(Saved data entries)
******

lemma uniserial_absurd:
  fixes \<alpha> :: "'g \<Rightarrow> 'f mat"
  assumes uniserial: "uniserial_1A1 G n (ind_triv_rep G P) a \<alpha>" and irr: "irreducible_rep G a \<alpha>"
    and not_triv: "\<not> rep_iso G a \<alpha> 1 triv_rep"
  shows False
proof -
  obtain W1 W2 where chain: "uniserial G n (ind_triv_rep G P :: 'g \<Rightarrow> 'f mat)"
    and W1: "is_submodule (carrier G) n (ind_triv_rep G P) W1"
    and W2: "is_submodule (carrier G) n (ind_triv_rep G P) W2" and W12: "W1 \<subseteq> W2"
    and iso1: "subquot_iso G n (ind_triv_rep G P) {0\<^sub>v n} W1 1 triv_rep"
    and iso2: "subquot_iso G n (ind_triv_rep G P) W1 W2 a \<alpha>"
    and iso3: "subquot_iso G n (ind_triv_rep G P) W2 (carrier_vec n) 1 triv_rep"
    using uniserial by (rule uniserial_1A1E)
  have W2K: "W2 \<subseteq> scalar_coeffs" using radical_subset_scalar_coeffs[OF chain W1 W2 iso1 iso2 irr] .
  define Z where "Z = {x \<in> W2. conj_comb x = 0\<^sub>m nU nU}"
  have Z: "is_submodule (carrier G) n (ind_triv_rep G P) Z"
    unfolding Z_def using vanishing_coeffs_submodule[OF W2 W2K] .
  obtain x0 where x0: "x0 \<in> W2" "x0 \<notin> W1"
    using subquot_iso_ex_not_in_kernel[OF iso2] irr unfolding irreducible_rep_def by blast
  have "W1 \<subseteq> Z \<or> Z \<subseteq> W1" using chain Z W1 unfolding uniserial_def by blast
  moreover have "Z \<subseteq> W2" unfolding Z_def by blast
  ultimately consider "Z = W1" | "Z = W2" | "Z \<subseteq> W1" "\<not> W1 \<subseteq> Z"
    using submodule_between_irreducible_subquot[OF iso2 irr Z W2] by blast
  then show False
  proof cases
    case 1
    then have "rep_iso G a \<alpha> 1 triv_rep"
      using rep_iso_triv_if_vanishing_coeffs_eq[OF iso2 _ W2 W2K _ x0] irr
      unfolding Z_def irreducible_rep_def by blast
    then show False using not_triv by blast
  next
    case 2
    then show False
      using vanishing_coeffs_on_triv_quotient_kernel_absurd[OF iso3] unfolding Z_def by blast
  next
    case 3
    then have "W2 \<subseteq> W1"
      using subset_triv_submodule_if_vanishing_subset[OF W1 iso1 submodule_subspace[OF W2] W12 W2K]
      unfolding Z_def by blast
    then show False using x0 by blast
  qed
qed

end

theorem lemma8p5:
  fixes G :: "'g monoid" and P :: "'g set"
    and \<rho>U \<rho>V :: "'g \<Rightarrow> 'f::alg_closed_field mat" and nU nV :: nat
  assumes "group G" and "finite (carrier G)"
    and "subgroup P G" and "P \<noteq> carrier G"
    and "irreducible_rep G nU \<rho>U" and "irreducible_rep G nV \<rho>V"
    and "dim_End_ge2 P nU \<rho>U" and "dim_End_ge2 P nV \<rho>V"
    and "\<exists>a (\<alpha> :: 'g \<Rightarrow> 'f mat). irreducible_rep G a \<alpha> \<and> \<not> rep_iso G a \<alpha> 1 triv_rep \<and>
           (is_triv_plus G (ind_dim G P) (ind_triv_rep G P) a \<alpha> \<or>
            uniserial_1A1 G (ind_dim G P) (ind_triv_rep G P) a \<alpha>)"
  shows "\<not> irreducible_rep G (nU * nV) (tensor_rep \<rho>U \<rho>V)"
proof
  assume irr_tensor: "irreducible_rep G (nU * nV) (tensor_rep \<rho>U \<rho>V)"
  obtain M where "M \<in> End_rep P nU \<rho>U" "\<forall>c. M \<noteq> c \<cdot>\<^sub>m 1\<^sub>m nU"
    using End_rep_nonscalar_if_dim_End_ge2[OF assms(7)] by blast
  moreover obtain N where "N \<in> End_rep P nV \<rho>V" "\<forall>c. N \<noteq> c \<cdot>\<^sub>m 1\<^sub>m nV"
    using End_rep_nonscalar_if_dim_End_ge2[OF assms(8)] by blast
  ultimately interpret irreducible_tensor G P \<rho>U \<rho>V nU nV M N
    using assms(1-3,5,6) irr_tensor
    by (intro irreducible_tensor.intro coset_perm_module.intro coset_perm_module_axioms.intro
        irreducible_tensor_axioms.intro) auto
  show False
    using assms(9) direct_sum_absurd uniserial_absurd by blast
qed

end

******

# [WHAT NEEDS TO BE DONE]
An exact reproduction of all the entries above is the expected answer.

# [SOLUTION BELOW]
lemma uniserial_absurd:
  fixes \<alpha> :: "'g \<Rightarrow> 'f mat"
  assumes uniserial: "uniserial_1A1 G n (ind_triv_rep G P) a \<alpha>" and irr: "irreducible_rep G a \<alpha>"
    and not_triv: "\<not> rep_iso G a \<alpha> 1 triv_rep"
  shows False
proof -
  obtain W1 W2 where chain: "uniserial G n (ind_triv_rep G P :: 'g \<Rightarrow> 'f mat)"
    and W1: "is_submodule (carrier G) n (ind_triv_rep G P) W1"
    and W2: "is_submodule (carrier G) n (ind_triv_rep G P) W2" and W12: "W1 \<subseteq> W2"
    and iso1: "subquot_iso G n (ind_triv_rep G P) {0\<^sub>v n} W1 1 triv_rep"
    and iso2: "subquot_iso G n (ind_triv_rep G P) W1 W2 a \<alpha>"
    and iso3: "subquot_iso G n (ind_triv_rep G P) W2 (carrier_vec n) 1 triv_rep"
    using uniserial by (rule uniserial_1A1E)
  have W2K: "W2 \<subseteq> scalar_coeffs" using radical_subset_scalar_coeffs[OF chain W1 W2 iso1 iso2 irr] .
  define Z where "Z = {x \<in> W2. conj_comb x = 0\<^sub>m nU nU}"
  have Z: "is_submodule (carrier G) n (ind_triv_rep G P) Z"
    unfolding Z_def using vanishing_coeffs_submodule[OF W2 W2K] .
  obtain x0 where x0: "x0 \<in> W2" "x0 \<notin> W1"
    using subquot_iso_ex_not_in_kernel[OF iso2] irr unfolding irreducible_rep_def by blast
  have "W1 \<subseteq> Z \<or> Z \<subseteq> W1" using chain Z W1 unfolding uniserial_def by blast
  moreover have "Z \<subseteq> W2" unfolding Z_def by blast
  ultimately consider "Z = W1" | "Z = W2" | "Z \<subseteq> W1" "\<not> W1 \<subseteq> Z"
    using submodule_between_irreducible_subquot[OF iso2 irr Z W2] by blast
  then show False
  proof cases
    case 1
    then have "rep_iso G a \<alpha> 1 triv_rep"
      using rep_iso_triv_if_vanishing_coeffs_eq[OF iso2 _ W2 W2K _ x0] irr
      unfolding Z_def irreducible_rep_def by blast
    then show False using not_triv by blast
  next
    case 2
    then show False
      using vanishing_coeffs_on_triv_quotient_kernel_absurd[OF iso3] unfolding Z_def by blast
  next
    case 3
    then have "W2 \<subseteq> W1"
      using subset_triv_submodule_if_vanishing_subset[OF W1 iso1 submodule_subspace[OF W2] W12 W2K]
      unfolding Z_def by blast
    then show False using x0 by blast
  qed
qed

end

theorem lemma8p5:
  fixes G :: "'g monoid" and P :: "'g set"
    and \<rho>U \<rho>V :: "'g \<Rightarrow> 'f::alg_closed_field mat" and nU nV :: nat
  assumes "group G" and "finite (carrier G)"
    and "subgroup P G" and "P \<noteq> carrier G"
    and "irreducible_rep G nU \<rho>U" and "irreducible_rep G nV \<rho>V"
    and "dim_End_ge2 P nU \<rho>U" and "dim_End_ge2 P nV \<rho>V"
    and "\<exists>a (\<alpha> :: 'g \<Rightarrow> 'f mat). irreducible_rep G a \<alpha> \<and> \<not> rep_iso G a \<alpha> 1 triv_rep \<and>
           (is_triv_plus G (ind_dim G P) (ind_triv_rep G P) a \<alpha> \<or>
            uniserial_1A1 G (ind_dim G P) (ind_triv_rep G P) a \<alpha>)"
  shows "\<not> irreducible_rep G (nU * nV) (tensor_rep \<rho>U \<rho>V)"
proof
  assume irr_tensor: "irreducible_rep G (nU * nV) (tensor_rep \<rho>U \<rho>V)"
  obtain M where "M \<in> End_rep P nU \<rho>U" "\<forall>c. M \<noteq> c \<cdot>\<^sub>m 1\<^sub>m nU"
    using End_rep_nonscalar_if_dim_End_ge2[OF assms(7)] by blast
  moreover obtain N where "N \<in> End_rep P nV \<rho>V" "\<forall>c. N \<noteq> c \<cdot>\<^sub>m 1\<^sub>m nV"
    using End_rep_nonscalar_if_dim_End_ge2[OF assms(8)] by blast
  ultimately interpret irreducible_tensor G P \<rho>U \<rho>V nU nV M N
    using assms(1-3,5,6) irr_tensor
    by (intro irreducible_tensor.intro coset_perm_module.intro coset_perm_module_axioms.intro
        irreducible_tensor_axioms.intro) auto
  show False
    using assms(9) direct_sum_absurd uniserial_absurd by blast
qed

end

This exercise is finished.